Your task>
Using the data that follows, return exactly the lines from the one that contains "add: mult_left_le power_le_one)" through the one that contains "q ^ k \<and>", ends included.

★ ★ ★ ★ ★ ★ ★

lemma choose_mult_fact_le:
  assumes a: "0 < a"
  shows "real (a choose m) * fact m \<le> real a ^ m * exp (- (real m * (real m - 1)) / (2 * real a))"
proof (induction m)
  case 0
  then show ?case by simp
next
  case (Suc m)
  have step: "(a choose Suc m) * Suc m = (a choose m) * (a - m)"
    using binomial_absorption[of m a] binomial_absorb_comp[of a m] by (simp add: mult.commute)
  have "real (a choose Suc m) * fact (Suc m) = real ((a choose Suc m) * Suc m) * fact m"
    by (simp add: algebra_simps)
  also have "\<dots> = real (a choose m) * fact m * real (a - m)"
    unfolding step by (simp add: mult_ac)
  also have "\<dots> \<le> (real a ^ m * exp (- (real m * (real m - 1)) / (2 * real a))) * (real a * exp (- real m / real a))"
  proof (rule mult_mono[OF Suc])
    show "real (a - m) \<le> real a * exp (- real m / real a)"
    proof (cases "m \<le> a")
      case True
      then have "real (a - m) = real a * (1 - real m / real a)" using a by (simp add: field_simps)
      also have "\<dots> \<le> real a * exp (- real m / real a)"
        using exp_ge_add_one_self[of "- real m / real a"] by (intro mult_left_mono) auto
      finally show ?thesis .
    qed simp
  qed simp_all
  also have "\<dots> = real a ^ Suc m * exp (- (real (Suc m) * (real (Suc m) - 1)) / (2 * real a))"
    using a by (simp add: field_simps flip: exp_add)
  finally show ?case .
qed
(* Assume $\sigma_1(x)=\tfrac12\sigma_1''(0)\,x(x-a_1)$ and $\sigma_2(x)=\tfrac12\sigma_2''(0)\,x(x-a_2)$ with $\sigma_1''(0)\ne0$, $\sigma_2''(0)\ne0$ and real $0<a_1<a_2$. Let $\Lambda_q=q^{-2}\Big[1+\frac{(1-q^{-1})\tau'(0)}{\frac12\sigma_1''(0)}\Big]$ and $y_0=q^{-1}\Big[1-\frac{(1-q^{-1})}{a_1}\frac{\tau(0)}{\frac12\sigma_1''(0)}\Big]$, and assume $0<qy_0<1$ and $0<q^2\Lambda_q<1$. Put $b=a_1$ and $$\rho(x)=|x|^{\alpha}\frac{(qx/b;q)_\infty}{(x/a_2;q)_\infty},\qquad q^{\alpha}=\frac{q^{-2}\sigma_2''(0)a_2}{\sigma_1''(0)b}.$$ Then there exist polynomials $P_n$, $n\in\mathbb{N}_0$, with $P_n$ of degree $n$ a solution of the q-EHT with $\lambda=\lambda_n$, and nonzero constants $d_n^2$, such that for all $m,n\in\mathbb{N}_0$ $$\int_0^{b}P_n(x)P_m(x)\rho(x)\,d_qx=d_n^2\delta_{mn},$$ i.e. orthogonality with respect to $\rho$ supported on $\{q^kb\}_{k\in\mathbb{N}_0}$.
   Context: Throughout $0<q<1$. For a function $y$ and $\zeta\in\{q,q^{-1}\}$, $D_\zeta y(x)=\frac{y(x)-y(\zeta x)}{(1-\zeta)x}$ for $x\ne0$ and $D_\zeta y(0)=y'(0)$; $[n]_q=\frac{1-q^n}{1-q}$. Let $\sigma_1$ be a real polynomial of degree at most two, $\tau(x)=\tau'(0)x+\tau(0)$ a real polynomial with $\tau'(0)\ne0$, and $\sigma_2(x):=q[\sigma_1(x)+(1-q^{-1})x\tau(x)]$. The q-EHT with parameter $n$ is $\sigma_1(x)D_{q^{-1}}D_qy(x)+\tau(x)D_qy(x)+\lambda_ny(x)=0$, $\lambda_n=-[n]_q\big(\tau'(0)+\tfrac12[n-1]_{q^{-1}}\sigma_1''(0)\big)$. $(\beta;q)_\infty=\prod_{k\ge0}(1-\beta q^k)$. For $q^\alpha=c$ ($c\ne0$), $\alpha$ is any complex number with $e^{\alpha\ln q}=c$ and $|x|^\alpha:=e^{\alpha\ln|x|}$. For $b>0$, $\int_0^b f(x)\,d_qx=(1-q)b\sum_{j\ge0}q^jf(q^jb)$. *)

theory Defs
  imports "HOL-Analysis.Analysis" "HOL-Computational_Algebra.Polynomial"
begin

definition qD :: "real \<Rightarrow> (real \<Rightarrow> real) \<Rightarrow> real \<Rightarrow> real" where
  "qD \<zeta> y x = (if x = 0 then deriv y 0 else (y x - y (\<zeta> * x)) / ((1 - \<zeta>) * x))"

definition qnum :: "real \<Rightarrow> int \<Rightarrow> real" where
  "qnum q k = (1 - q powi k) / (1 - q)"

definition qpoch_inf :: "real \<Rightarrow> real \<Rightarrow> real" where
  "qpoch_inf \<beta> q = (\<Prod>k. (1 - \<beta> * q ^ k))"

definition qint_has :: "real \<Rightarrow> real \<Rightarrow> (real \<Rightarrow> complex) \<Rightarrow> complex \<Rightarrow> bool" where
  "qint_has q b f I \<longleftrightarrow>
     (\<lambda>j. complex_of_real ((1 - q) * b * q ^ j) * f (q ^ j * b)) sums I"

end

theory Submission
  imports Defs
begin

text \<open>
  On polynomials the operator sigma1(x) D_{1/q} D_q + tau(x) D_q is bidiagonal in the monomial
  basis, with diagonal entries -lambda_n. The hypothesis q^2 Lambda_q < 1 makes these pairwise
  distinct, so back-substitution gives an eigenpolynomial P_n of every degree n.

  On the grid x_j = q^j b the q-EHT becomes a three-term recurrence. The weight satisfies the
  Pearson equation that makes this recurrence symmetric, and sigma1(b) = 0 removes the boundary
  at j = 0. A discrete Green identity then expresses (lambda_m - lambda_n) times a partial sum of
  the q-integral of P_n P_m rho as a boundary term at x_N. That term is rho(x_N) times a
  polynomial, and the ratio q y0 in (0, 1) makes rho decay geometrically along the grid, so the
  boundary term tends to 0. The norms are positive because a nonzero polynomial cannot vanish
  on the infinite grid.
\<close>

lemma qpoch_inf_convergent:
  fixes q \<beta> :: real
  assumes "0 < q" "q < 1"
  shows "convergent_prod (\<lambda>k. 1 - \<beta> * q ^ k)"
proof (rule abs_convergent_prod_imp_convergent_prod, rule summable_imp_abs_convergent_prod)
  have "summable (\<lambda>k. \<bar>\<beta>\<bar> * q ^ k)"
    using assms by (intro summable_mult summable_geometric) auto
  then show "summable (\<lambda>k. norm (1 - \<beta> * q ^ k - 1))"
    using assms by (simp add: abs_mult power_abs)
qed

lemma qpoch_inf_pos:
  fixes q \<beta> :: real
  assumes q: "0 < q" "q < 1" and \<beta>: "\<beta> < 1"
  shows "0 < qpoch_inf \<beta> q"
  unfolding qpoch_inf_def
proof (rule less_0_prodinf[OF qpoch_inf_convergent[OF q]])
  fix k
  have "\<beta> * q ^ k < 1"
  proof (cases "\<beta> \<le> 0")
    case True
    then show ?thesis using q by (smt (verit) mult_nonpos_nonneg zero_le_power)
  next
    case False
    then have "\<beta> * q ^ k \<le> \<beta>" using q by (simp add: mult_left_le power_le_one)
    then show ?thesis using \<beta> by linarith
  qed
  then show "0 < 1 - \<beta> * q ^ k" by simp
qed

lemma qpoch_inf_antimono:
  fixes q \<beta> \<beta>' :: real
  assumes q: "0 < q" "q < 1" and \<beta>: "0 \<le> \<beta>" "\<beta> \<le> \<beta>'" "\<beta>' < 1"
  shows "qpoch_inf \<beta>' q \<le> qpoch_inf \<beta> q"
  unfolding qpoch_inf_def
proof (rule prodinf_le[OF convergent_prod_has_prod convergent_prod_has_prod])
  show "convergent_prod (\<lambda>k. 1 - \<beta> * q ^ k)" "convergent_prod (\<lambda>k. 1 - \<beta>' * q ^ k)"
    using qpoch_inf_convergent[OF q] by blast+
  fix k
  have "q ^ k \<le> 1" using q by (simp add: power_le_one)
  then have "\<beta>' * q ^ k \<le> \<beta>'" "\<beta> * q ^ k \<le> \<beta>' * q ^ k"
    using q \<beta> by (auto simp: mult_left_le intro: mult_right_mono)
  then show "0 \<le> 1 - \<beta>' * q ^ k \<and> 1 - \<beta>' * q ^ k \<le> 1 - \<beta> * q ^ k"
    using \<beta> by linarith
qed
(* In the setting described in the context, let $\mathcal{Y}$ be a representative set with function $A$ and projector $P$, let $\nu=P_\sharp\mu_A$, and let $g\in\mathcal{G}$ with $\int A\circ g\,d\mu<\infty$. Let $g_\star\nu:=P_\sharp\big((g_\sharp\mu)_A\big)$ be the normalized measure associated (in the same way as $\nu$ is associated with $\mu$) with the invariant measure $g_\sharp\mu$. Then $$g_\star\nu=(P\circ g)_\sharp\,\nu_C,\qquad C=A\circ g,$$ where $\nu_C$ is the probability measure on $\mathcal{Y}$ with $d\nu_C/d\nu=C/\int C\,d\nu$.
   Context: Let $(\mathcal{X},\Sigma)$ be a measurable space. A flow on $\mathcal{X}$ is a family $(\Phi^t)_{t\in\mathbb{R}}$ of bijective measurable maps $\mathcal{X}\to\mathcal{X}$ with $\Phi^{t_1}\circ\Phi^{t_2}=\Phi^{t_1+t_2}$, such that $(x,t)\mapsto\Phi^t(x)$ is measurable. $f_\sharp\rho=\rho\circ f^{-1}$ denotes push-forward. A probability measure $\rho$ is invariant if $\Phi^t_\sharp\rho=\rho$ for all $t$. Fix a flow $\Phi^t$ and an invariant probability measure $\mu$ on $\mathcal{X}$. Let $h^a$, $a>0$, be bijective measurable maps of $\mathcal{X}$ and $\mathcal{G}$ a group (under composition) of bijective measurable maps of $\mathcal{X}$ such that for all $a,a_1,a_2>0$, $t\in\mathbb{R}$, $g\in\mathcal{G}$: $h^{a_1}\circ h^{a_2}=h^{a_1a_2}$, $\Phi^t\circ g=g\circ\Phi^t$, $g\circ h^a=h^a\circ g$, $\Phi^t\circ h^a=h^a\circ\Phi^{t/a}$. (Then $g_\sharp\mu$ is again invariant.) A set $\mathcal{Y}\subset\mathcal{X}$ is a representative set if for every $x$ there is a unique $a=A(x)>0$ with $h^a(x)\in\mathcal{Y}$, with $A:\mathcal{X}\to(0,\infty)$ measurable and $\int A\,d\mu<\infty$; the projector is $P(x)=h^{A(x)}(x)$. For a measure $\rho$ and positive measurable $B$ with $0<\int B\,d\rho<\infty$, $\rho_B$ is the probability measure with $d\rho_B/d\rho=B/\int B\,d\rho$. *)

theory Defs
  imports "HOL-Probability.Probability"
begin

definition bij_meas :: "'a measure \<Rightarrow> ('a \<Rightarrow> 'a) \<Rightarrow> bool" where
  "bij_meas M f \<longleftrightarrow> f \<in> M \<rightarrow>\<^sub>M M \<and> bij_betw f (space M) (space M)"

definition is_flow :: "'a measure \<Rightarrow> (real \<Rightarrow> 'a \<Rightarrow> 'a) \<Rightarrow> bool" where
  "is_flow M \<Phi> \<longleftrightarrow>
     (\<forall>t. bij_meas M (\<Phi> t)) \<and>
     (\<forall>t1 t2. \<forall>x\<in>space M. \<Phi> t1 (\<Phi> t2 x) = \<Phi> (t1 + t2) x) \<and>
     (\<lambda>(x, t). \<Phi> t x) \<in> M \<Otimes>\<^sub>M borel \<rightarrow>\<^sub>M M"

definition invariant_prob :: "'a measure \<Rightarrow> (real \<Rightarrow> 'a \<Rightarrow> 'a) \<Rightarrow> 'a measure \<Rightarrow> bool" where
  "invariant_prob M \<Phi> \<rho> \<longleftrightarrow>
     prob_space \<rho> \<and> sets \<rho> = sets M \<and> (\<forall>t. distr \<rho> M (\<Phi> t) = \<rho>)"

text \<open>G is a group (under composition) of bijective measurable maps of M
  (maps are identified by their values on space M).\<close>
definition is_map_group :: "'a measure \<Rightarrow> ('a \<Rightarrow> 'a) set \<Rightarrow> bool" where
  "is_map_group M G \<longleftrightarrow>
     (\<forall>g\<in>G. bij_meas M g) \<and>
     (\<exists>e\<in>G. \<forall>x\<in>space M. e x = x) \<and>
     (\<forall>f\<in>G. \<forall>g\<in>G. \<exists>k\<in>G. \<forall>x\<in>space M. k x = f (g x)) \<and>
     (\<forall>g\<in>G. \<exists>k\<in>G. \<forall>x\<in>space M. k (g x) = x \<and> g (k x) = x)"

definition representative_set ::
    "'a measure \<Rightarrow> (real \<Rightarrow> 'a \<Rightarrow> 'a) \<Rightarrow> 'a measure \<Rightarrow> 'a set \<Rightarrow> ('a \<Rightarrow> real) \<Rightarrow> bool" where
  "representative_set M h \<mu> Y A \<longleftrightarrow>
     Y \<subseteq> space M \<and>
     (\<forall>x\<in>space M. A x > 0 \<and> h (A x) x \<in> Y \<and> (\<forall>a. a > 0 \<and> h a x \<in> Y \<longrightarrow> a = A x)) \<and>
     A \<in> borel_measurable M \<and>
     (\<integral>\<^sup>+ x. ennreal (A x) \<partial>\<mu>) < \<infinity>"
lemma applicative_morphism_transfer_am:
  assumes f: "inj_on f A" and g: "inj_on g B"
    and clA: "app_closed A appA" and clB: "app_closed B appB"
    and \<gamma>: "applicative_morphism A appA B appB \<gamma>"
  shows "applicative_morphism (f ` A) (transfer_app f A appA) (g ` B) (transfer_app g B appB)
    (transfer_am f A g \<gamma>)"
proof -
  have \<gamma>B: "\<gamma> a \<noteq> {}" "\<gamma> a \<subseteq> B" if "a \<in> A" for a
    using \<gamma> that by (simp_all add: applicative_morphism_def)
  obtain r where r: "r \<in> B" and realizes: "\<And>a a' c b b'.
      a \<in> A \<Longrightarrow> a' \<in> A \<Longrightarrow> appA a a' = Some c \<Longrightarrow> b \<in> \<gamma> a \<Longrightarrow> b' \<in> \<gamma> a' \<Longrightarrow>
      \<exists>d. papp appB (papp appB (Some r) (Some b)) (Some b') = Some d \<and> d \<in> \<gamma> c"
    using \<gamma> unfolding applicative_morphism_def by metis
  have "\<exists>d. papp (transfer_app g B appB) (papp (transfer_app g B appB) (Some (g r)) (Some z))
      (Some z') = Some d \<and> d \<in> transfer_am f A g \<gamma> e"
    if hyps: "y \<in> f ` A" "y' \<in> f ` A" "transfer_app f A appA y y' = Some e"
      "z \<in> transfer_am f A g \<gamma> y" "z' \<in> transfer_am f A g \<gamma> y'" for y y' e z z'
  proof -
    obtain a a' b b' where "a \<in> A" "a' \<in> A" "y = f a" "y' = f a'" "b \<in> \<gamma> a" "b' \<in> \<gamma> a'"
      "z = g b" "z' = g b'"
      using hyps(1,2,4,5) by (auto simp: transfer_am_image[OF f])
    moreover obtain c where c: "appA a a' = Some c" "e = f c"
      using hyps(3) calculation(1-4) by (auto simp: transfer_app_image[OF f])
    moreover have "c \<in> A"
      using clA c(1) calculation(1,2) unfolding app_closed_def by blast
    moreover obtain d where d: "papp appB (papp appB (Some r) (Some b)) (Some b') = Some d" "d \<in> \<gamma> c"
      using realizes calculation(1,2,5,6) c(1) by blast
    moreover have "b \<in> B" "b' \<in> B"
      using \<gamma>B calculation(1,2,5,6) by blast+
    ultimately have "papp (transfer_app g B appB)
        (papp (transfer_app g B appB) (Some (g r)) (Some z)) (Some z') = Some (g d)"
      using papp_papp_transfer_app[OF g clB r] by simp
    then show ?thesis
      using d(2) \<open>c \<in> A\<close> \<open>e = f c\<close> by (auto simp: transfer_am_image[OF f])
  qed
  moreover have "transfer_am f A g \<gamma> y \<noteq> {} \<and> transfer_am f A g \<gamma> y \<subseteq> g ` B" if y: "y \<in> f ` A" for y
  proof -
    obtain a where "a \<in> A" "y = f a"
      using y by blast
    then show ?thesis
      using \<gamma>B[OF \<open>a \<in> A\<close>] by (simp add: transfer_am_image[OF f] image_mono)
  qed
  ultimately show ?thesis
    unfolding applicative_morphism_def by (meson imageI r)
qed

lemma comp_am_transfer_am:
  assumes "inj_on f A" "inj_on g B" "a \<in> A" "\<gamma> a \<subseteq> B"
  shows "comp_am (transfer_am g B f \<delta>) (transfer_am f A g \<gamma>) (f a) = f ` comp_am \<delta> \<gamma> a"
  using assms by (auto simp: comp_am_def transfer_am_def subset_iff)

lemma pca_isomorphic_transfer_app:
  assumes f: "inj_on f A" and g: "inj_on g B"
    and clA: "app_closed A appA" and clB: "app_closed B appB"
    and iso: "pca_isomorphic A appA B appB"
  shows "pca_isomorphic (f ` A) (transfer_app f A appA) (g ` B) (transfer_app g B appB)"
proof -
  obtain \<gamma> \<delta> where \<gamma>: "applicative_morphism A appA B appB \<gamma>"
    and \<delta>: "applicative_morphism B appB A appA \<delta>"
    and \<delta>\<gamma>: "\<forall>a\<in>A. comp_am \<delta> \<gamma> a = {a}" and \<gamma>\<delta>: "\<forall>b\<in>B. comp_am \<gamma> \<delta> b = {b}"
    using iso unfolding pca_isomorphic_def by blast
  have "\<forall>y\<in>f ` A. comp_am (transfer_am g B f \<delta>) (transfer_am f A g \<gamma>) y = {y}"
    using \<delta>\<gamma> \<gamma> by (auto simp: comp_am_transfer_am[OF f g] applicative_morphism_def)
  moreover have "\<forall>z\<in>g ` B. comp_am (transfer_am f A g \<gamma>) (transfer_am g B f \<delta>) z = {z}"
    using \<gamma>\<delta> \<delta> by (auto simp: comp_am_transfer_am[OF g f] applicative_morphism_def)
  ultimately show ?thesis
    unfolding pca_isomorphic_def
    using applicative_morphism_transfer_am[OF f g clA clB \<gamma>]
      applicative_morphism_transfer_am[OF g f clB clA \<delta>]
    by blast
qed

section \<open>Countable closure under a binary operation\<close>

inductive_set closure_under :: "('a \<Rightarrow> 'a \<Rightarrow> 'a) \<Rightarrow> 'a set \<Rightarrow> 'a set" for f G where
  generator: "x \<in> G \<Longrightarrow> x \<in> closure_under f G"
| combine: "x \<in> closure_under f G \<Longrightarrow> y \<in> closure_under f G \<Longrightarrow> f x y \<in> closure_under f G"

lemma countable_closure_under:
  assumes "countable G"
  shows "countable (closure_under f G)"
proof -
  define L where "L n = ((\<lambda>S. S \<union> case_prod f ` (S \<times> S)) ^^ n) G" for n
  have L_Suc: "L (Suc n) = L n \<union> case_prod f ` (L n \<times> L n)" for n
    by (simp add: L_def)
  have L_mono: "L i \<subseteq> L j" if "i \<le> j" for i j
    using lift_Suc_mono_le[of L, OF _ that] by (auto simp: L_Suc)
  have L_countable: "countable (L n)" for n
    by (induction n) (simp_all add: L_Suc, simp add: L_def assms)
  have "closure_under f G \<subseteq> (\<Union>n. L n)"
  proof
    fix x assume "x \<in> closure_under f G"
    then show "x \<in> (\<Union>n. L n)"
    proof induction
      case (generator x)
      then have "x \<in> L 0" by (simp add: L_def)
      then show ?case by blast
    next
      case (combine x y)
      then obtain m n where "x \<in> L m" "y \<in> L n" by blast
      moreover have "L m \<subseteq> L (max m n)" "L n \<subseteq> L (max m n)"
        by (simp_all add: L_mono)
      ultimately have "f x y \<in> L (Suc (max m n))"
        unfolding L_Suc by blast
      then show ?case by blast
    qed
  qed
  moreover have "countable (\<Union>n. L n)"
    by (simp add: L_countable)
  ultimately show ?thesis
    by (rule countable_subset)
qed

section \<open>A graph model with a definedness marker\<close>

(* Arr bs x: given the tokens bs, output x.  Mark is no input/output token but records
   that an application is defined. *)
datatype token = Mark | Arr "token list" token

★ ★ ★ ★ ★ ★ ★

Result of the exercise>
    then have "\<beta> * q ^ k \<le> \<beta>" using q by (simp add: mult_left_le power_le_one)
    then show ?thesis using \<beta> by linarith
  qed
  then show "0 < 1 - \<beta> * q ^ k" by simp
qed

lemma qpoch_inf_antimono:
  fixes q \<beta> \<beta>' :: real
  assumes q: "0 < q" "q < 1" and \<beta>: "0 \<le> \<beta>" "\<beta> \<le> \<beta>'" "\<beta>' < 1"
  shows "qpoch_inf \<beta>' q \<le> qpoch_inf \<beta> q"
  unfolding qpoch_inf_def
proof (rule prodinf_le[OF convergent_prod_has_prod convergent_prod_has_prod])
  show "convergent_prod (\<lambda>k. 1 - \<beta> * q ^ k)" "convergent_prod (\<lambda>k. 1 - \<beta>' * q ^ k)"
    using qpoch_inf_convergent[OF q] by blast+
  fix k
  have "q ^ k \<le> 1" using q by (simp add: power_le_one)
  then have "\<beta>' * q ^ k \<le> \<beta>'" "\<beta> * q ^ k \<le> \<beta>' * q ^ k"
    using q \<beta> by (auto simp: mult_left_le intro: mult_right_mono)
  then show "0 \<le> 1 - \<beta>' * q ^ k \<and> 1 - \<beta>' * q ^ k \<le> 1 - \<beta> * q ^ k"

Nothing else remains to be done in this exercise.